“密函。”
“哈?”
“早上來的時候就已經在桌上了。”一想到能夠悄無聲息的進入王城禁戒最森嚴的中心,舒亞就覺得不寒而栗。
究竟是什麽來頭?這個圖騰的由來,已經讓人去查了,卻都是杳無音訊。
會是之前那個在村子裏鬧事的大夫麽?
舒亞隻覺得不安穩,這個人應該是跟蘇子苒有過接觸的,可到底是誰呢?
“舒亞,舒亞?”蘇子苒伸出小手在舒亞麵前晃了晃,這家夥怎麽這個時候發呆?我坐得腿都麻了……

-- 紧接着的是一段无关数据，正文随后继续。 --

text \<open>Writing Pi I as the image of M c \<Otimes> Pi (I - {c}) under (a, f) \<mapsto> f(c := a), an event A that
  ignores coordinate c becomes a product set whose second factor is the section of A at any a0.\<close>

lemma emeasure_PiM_Int_coordinate_section:
  fixes M :: "'i \<Rightarrow> 'b measure"
  assumes prob: "\<And>i. i \<in> I \<Longrightarrow> prob_space (M i)" and c: "c \<in> I"
    and A: "A \<in> sets (Pi\<^sub>M I M)" and Y: "Y \<in> sets (M c)" and a0: "a0 \<in> space (M c)"
    and inv: "\<And>w a. w \<in> space (Pi\<^sub>M I M) \<Longrightarrow> a \<in> space (M c) \<Longrightarrow> w(c := a) \<in> A \<longleftrightarrow> w \<in> A"
  shows "emeasure (Pi\<^sub>M I M) (A \<inter> {w\<in>space (Pi\<^sub>M I M). w c \<in> Y})
       = emeasure (M c) Y
         * emeasure (Pi\<^sub>M (I - {c}) M) {f\<in>space (Pi\<^sub>M (I - {c}) M). f(c := a0) \<in> A}"
proof -
  define J where "J = I - {c}"
  define A' where "A' = {f\<in>space (Pi\<^sub>M J M). f(c := a0) \<in> A}"
  have IJ: "insert c J = I" using c by (auto simp: J_def)
  interpret PJ: prob_space "Pi\<^sub>M J M" using prob by (intro prob_space_PiM) (auto simp: J_def)
  define g where "g = (\<lambda>(a::'b, f::'i \<Rightarrow> 'b). f(c := a))"
  have g: "g \<in> measurable (M c \<Otimes>\<^sub>M Pi\<^sub>M J M) (Pi\<^sub>M I M)"
    unfolding g_def IJ[symmetric] by measurable
  have distr_g: "distr (M c \<Otimes>\<^sub>M Pi\<^sub>M J M) (Pi\<^sub>M I M) g = Pi\<^sub>M I M"
    using distr_pair_PiM_eq_PiM[of J M c] prob c unfolding IJ g_def by (auto simp: J_def)
  have g_space: "f(c := a) \<in> space (Pi\<^sub>M I M)" if "a \<in> space (M c)" "f \<in> space (Pi\<^sub>M J M)" for a f
    using measurable_space[OF g, of "(a, f)"] that by (simp add: g_def space_pair_measure)
  have A': "A' \<in> sets (Pi\<^sub>M J M)"
  proof -
    have "(\<lambda>f. g (a0, f)) \<in> measurable (Pi\<^sub>M J M) (Pi\<^sub>M I M)"
      using g a0 by measurable
    from measurable_sets[OF this A] show ?thesis
      by (simp add: A'_def g_def vimage_def Int_def conj_commute)
  qed
  have "f(c := a) \<in> A \<longleftrightarrow> f \<in> A'" if "a \<in> space (M c)" "f \<in> space (Pi\<^sub>M J M)" for a f
    using inv[OF g_space[OF a0 that(2)] that(1)] that by (simp add: A'_def)
  then have "g -` (A \<inter> {w\<in>space (Pi\<^sub>M I M). w c \<in> Y}) \<inter> space (M c \<Otimes>\<^sub>M Pi\<^sub>M J M) = Y \<times> A'"
    using g_space sets.sets_into_space[OF Y] A'
    by (auto simp: g_def space_pair_measure A'_def)
  moreover have "A \<inter> {w\<in>space (Pi\<^sub>M I M). w c \<in> Y} \<in> sets (Pi\<^sub>M I M)"
    using A c Y by measurable
  ultimately have "emeasure (Pi\<^sub>M I M) (A \<inter> {w\<in>space (Pi\<^sub>M I M). w c \<in> Y})
      = emeasure (M c \<Otimes>\<^sub>M Pi\<^sub>M J M) (Y \<times> A')"
    using g by (subst distr_g[symmetric]) (simp add: emeasure_distr)
  also have "\<dots> = emeasure (M c) Y * emeasure (Pi\<^sub>M J M) A'"
    using Y A' by (rule PJ.emeasure_pair_measure_Times)
  finally show ?thesis by (simp add: A'_def J_def)
qed

lemma emeasure_PiM_Int_coordinate:
  fixes M :: "'i \<Rightarrow> 'b measure"
  assumes prob: "\<And>i. i \<in> I \<Longrightarrow> prob_space (M i)" and c: "c \<in> I"
    and A: "A \<in> sets (Pi\<^sub>M I M)" and X: "X \<in> sets (M c)"
    and inv: "\<And>w a. w \<in> space (Pi\<^sub>M I M) \<Longrightarrow> a \<in> space (M c) \<Longrightarrow> w(c := a) \<in> A \<longleftrightarrow> w \<in> A"
  shows "emeasure (Pi\<^sub>M I M) (A \<inter> {w\<in>space (Pi\<^sub>M I M). w c \<in> X})
       = emeasure (Pi\<^sub>M I M) A * emeasure (M c) X"
proof -
  interpret Mc: prob_space "M c" using prob c by auto
  obtain a0 where a0: "a0 \<in> space (M c)" using Mc.not_empty by auto
  let ?A' = "{f\<in>space (Pi\<^sub>M (I - {c}) M). f(c := a0) \<in> A}"
  have split_off: "emeasure (Pi\<^sub>M I M) (A \<inter> {w\<in>space (Pi\<^sub>M I M). w c \<in> Y})
      = emeasure (M c) Y * emeasure (Pi\<^sub>M (I - {c}) M) ?A'" if "Y \<in> sets (M c)" for Y
    using prob c A that a0 inv by (rule emeasure_PiM_Int_coordinate_section)
  have "A \<inter> {w\<in>space (Pi\<^sub>M I M). w c \<in> space (M c)} = A"
    using sets.sets_into_space[OF A] c by (auto simp: space_PiM)
  then have "emeasure (Pi\<^sub>M I M) A = emeasure (Pi\<^sub>M (I - {c}) M) ?A'"
    using split_off[of "space (M c)"] Mc.emeasure_space_1 by simp
  then show ?thesis
    using split_off[OF X] by (simp add: mult.commute)
qed

definition chain_space :: "('s \<Rightarrow> 's pmf) \<Rightarrow> ((nat \<times> 's) \<Rightarrow> 's) measure" where
  "chain_space K = (\<Pi>\<^sub>M i\<in>UNIV. measure_pmf (K (snd i)))"

fun iter_chain :: "'s \<Rightarrow> ((nat \<times> 's) \<Rightarrow> 's) \<Rightarrow> nat \<Rightarrow> 's" where
  "iter_chain s0 w 0 = s0"
| "iter_chain s0 w (Suc n) = w (n, iter_chain s0 w n)"

definition pmf_kernel :: "('s \<Rightarrow> 's pmf) \<Rightarrow> 's \<Rightarrow> 's \<Rightarrow> ennreal" where
  "pmf_kernel K s t = ennreal (pmf (K s) t)"

lemma prob_space_chain_space: "prob_space (chain_space K)"
  unfolding chain_space_def by (intro prob_space_PiM measure_pmf.prob_space_axioms)

lemma space_chain_space: "space (chain_space K) = UNIV"
  by (simp add: chain_space_def space_PiM)

lemma measurable_chain_space_coordinate:
  "(\<lambda>w. f (w i)) \<in> measurable (chain_space K) (count_space UNIV)"
  unfolding chain_space_def
  by (rule measurable_compose[OF measurable_component_singleton[of i UNIV]]) auto
lemma isCont_Phi[continuous_intros]: "isCont Phi x"
  using has_real_derivative_Phi DERIV_isCont by blast

lemma Phi_strict_mono: "x < y \<Longrightarrow> Phi x < Phi y"
  by (rule DERIV_pos_imp_increasing)
    (use has_real_derivative_Phi normal_density_pos[of 1 0] in auto)

lemma Phi_mono: "x \<le> y \<Longrightarrow> Phi x \<le> Phi y"
  using Phi_strict_mono by (cases "x = y") (auto simp: less_le)

lemma Phi_inj: "Phi x = Phi y \<Longrightarrow> x = y"
  using Phi_strict_mono by (metis linorder_neqE_linordered_idom less_irrefl)

lemma Phi_tendsto_1_at_top: "(Phi \<longlongrightarrow> 1) at_top"
proof (rule tendsto_at_topI_sequentially)
  fix X :: "nat \<Rightarrow> real" assume X: "filterlim X at_top sequentially"
  have "(\<lambda>n. integral\<^sup>L lborel (\<lambda>t. indicator {..X n} t *\<^sub>R phi t)) \<longlonglongrightarrow> integral\<^sup>L lborel phi"
  proof (rule integral_dominated_convergence[where w=phi])
    show "AE t in lborel. (\<lambda>n. indicator {..X n} t *\<^sub>R phi t) \<longlonglongrightarrow> phi t"
    proof
      fix t
      from X have "eventually (\<lambda>n. t \<le> X n) sequentially"
        unfolding filterlim_at_top_ge[where c=t] by auto
      then show "(\<lambda>n. indicator {..X n} t *\<^sub>R phi t) \<longlonglongrightarrow> phi t"
        by (intro tendsto_eventually) (auto split: split_indicator elim!: eventually_mono)
    qed
  qed (auto split: split_indicator)
  then show "(\<lambda>n. Phi (X n)) \<longlonglongrightarrow> 1"
    by (simp add: Phi_def set_lebesgue_integral_def)
qed

lemma Phi_tendsto_0_at_bot: "(Phi \<longlongrightarrow> 0) at_bot"
proof (rule tendsto_at_botI_sequentially)
  fix X :: "nat \<Rightarrow> real" assume X: "filterlim X at_bot sequentially"
  have "(\<lambda>n. integral\<^sup>L lborel (\<lambda>t. indicator {..X n} t *\<^sub>R phi t)) \<longlonglongrightarrow>
      integral\<^sup>L lborel (\<lambda>t. indicator {} t *\<^sub>R phi t)"
  proof (rule integral_dominated_convergence[where w=phi])
    show "AE t in lborel. (\<lambda>n. indicator {..X n} t *\<^sub>R phi t) \<longlonglongrightarrow> indicator {} t *\<^sub>R phi t"
    proof
      fix t
      from X have "eventually (\<lambda>n. X n \<le> t - 1) sequentially"
        unfolding filterlim_at_bot_le[where c="t - 1"] by auto
      then show "(\<lambda>n. indicator {..X n} t *\<^sub>R phi t) \<longlonglongrightarrow> indicator {} t *\<^sub>R phi t"
        by (intro tendsto_eventually) (auto split: split_indicator elim!: eventually_mono)
    qed
  qed (auto split: split_indicator)
  then show "(\<lambda>n. Phi (X n)) \<longlonglongrightarrow> 0"
    by (simp add: Phi_def set_lebesgue_integral_def)
qed

lemma Phi_pos: "0 < Phi x"
proof -
  have "0 \<le> Phi (x - 1)"
  proof (rule tendsto_upperbound[OF Phi_tendsto_0_at_bot])
    show "\<forall>\<^sub>F y in at_bot. Phi y \<le> Phi (x - 1)"
      using eventually_le_at_bot[of "x - 1"] by eventually_elim (rule Phi_mono)
  qed simp
  then show ?thesis using Phi_strict_mono[of "x - 1" x] by simp
qed

lemma Phi_less_1: "Phi x < 1"
proof -
  have "Phi (x + 1) \<le> 1"
  proof (rule tendsto_lowerbound[OF Phi_tendsto_1_at_top])
    show "\<forall>\<^sub>F y in at_top. Phi (x + 1) \<le> Phi y"
      using eventually_ge_at_top[of "x + 1"] by eventually_elim (rule Phi_mono)
  qed simp
  then show ?thesis using Phi_strict_mono[of x "x + 1"] by simp
qed

lemma Phi_surj:
  assumes "0 < p" "p < 1"
  obtains x where "Phi x = p"
proof -
  from order_tendstoD(2)[OF Phi_tendsto_0_at_bot assms(1)] obtain a where a: "Phi a < p"
    by (auto simp: eventually_at_bot_linorder)
  from order_tendstoD(1)[OF Phi_tendsto_1_at_top assms(2)] obtain b where b: "p < Phi b"
    by (auto simp: eventually_at_top_linorder)
  have "a \<le> b" using a b Phi_mono[of b a] by (cases "a \<le> b") auto
  then show ?thesis using IVT[of Phi a p b] a b isCont_Phi that by force
qed

lemma Phi_inv_Phi: "Phi_inv (Phi x) = x"
  unfolding Phi_inv_def by (rule the_equality) (auto intro: Phi_inj)

lemma Phi_Phi_inv: "0 < p \<Longrightarrow> p < 1 \<Longrightarrow> Phi (Phi_inv p) = p"
  by (metis Phi_surj Phi_inv_Phi)

lemma Phi_inv_mono:
  assumes "0 < p" "p \<le> q" "q < 1"
  shows "Phi_inv p \<le> Phi_inv q"
  using Phi_strict_mono[of "Phi_inv q" "Phi_inv p"] Phi_Phi_inv[of p] Phi_Phi_inv[of q] assms
  by fastforce

lemma phi_minus[simp]: "phi (- x) = phi x"
  by (simp add: std_normal_density_def)

lemma has_real_derivative_phi: "(phi has_real_derivative - x * phi x) (at x)"
  unfolding std_normal_density_def
  by (auto intro!: derivative_eq_intros simp: power2_eq_square field_simps)

lemma has_real_derivative_phi_comp[derivative_intros]:
  "(f has_real_derivative f') (at x within s) \<Longrightarrow>
    ((\<lambda>x. phi (f x)) has_real_derivative - f x * phi (f x) * f') (at x within s)"
  using DERIV_chain2[OF has_real_derivative_phi] by blast

lemma phi_diff: "phi (x - t) = phi x * exp (x * t - t\<^sup>2 / 2)"
proof -
  have "- (x - t)\<^sup>2 / 2 = - x\<^sup>2 / 2 + (x * t - t\<^sup>2 / 2)" by (simp add: power2_eq_square field_simps)
  then have "exp (- (x - t)\<^sup>2 / 2) = exp (- x\<^sup>2 / 2) * exp (x * t - t\<^sup>2 / 2)"
    by (simp only: exp_add)
  then show ?thesis by (simp add: std_normal_density_def)
qed
lemma sphere_edge_children_linked:
  assumes u: "u \<in> S r" and v: "v \<in> S r" and uv: "E u v"
  obtains p q where "p \<in> S (Suc r)" "E u p" "q \<in> S (Suc r)" "E v q"
    "(induced E (band w (Suc r)))\<^sup>*\<^sup>* p q"
proof -
  obtain xs where xs: "is_path E xs" "hd xs = u" "last xs = v" "3 \<le> length xs"
    and inner: "\<And>i. 0 < i \<Longrightarrow> i < length xs - 1 \<Longrightarrow> xs ! i \<in> band w (Suc r)"
    using sphere_edge_detour[OF u v uv, unfolded Suc_eq_plus1[symmetric] band_Suc_eq] by auto
  define p where "p = xs ! 1"
  define q where "q = xs ! (length xs - 2)"
  have "E u p"
    using xs unfolding p_def is_path_def by (auto simp: hd_conv_nth)
  moreover have "E q v"
  proof -
    have "Suc (length xs - 2) < length xs" "Suc (length xs - 2) = length xs - 1"
      using xs(4) by auto
    then show ?thesis
      using xs(1,3) unfolding q_def is_path_def by (metis last_conv_nth)
  qed
  moreover have "p \<in> band w (Suc r)" "q \<in> band w (Suc r)"
    using inner xs(4) unfolding p_def q_def by auto
  moreover have "(induced E (band w (Suc r)))\<^sup>*\<^sup>* p q"
    unfolding p_def q_def by (rule is_path_induced_rtranclp) (use xs inner in auto)
  ultimately show ?thesis
    using that band_Suc_neighbour u v edge_sym by blast
qed

lemma lift_edge:
  assumes u: "u \<in> band w r" and v: "v \<in> band w r" and uv: "E u v" and d: "lift r u d"
  shows "\<exists>d'. lift r v d' \<and> (induced E (band w (Suc r)))\<^sup>*\<^sup>* d d'"
proof (cases "u \<in> S r")
  case uS: True
  then have dS: "d \<in> S (Suc r)" "E u d" using d by (auto simp: lift_def)
  show ?thesis
  proof (cases "v \<in> S r")
    case vS: True
    obtain p q where "p \<in> S (Suc r)" "E u p" "q \<in> S (Suc r)" "E v q"
      "(induced E (band w (Suc r)))\<^sup>*\<^sup>* p q"
      using sphere_edge_children_linked[OF uS vS uv] .
    moreover have "(induced E (band w (Suc r)))\<^sup>*\<^sup>* d p"
      using siblings_linked[OF uS dS(1) \<open>p \<in> S (Suc r)\<close> dS(2) \<open>E u p\<close>] .
    ultimately show ?thesis using vS by (auto simp: lift_def)
  next
    case vS: False
    have "v \<in> S (Suc r)" using band_Suc_neighbour[OF band_Suc[OF v vS] uS uv] .
    then show ?thesis
      using siblings_linked[OF uS dS(1) _ dS(2) uv] vS by (auto simp: lift_def)
  qed
next
  case uS: False
  then have "d = u" using d by (simp add: lift_def)
  show ?thesis
  proof (cases "v \<in> S r")
    case vS: True
    have "u \<in> S (Suc r)" using band_Suc_neighbour[OF band_Suc[OF u uS] vS edge_sym[OF uv]] .
    then show ?thesis using vS \<open>d = u\<close> edge_sym[OF uv] by (auto simp: lift_def)
  next
    case vS: False
    have "induced E (band w (Suc r)) u v"
      using band_Suc[OF u uS] band_Suc[OF v vS] uv by (simp add: induced_def)
    then show ?thesis using vS \<open>d = u\<close> by (auto simp: lift_def)
  qed
qed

蘇子苒被舒亞箍在懷裏,坐在他的大腿上已經有好一會了,都不曾換過姿勢,現在隻覺得兩腿發麻。
“嗯?”抓住在眼前亂晃的小手,舒亞笑著看她調皮搗蛋,隻是眼角有了些許走神。
“放我下來啦。”
“不放。”說完,還用力握了握手裏纖細的手腕,把頭放在她的頸窩,以一種撒嬌的姿態。
“癢……”
“我們好久沒有在一起了……”
蘇子苒聽著他語調裏的委屈,微微一愣,“還不是都是你的錯。”
“是,是我不好。”
“寧妃最近身體還好麽?”
“沒事說她幹什麽?”
“可是……她畢竟懷了你的孩子。”
“芙蕖,”舒亞挑起她的下巴,“有的時候,你真的讓我很意外。”
“嗯?”歪著頭,有些不明白。
“有你在,真好。”
“現在才知道我的好,會不會太晚了點啊。”蘇子苒輕輕用頭撞了下他的,兩人都嗬嗬笑出了聲。
蘇子苒其實是個不怎麽記仇的人,傷心過去了,發現自己還是愛著舒亞的,有的時候,愛一個人,就是原諒他的全部,包括他給與的傷害。
“不過,你不許再欺負我了,聽見沒有?到時候,可就不是這麽容易就能了結的了。”
“好。”
想到明玉還在自己房間裏躺著,舒瑜這個家夥也不露個臉慰問一下,就覺得這件事情有些棘手,既然自己這邊已經開開心心了,要不要順便做個好人,把那一對的事情也解決一下呢?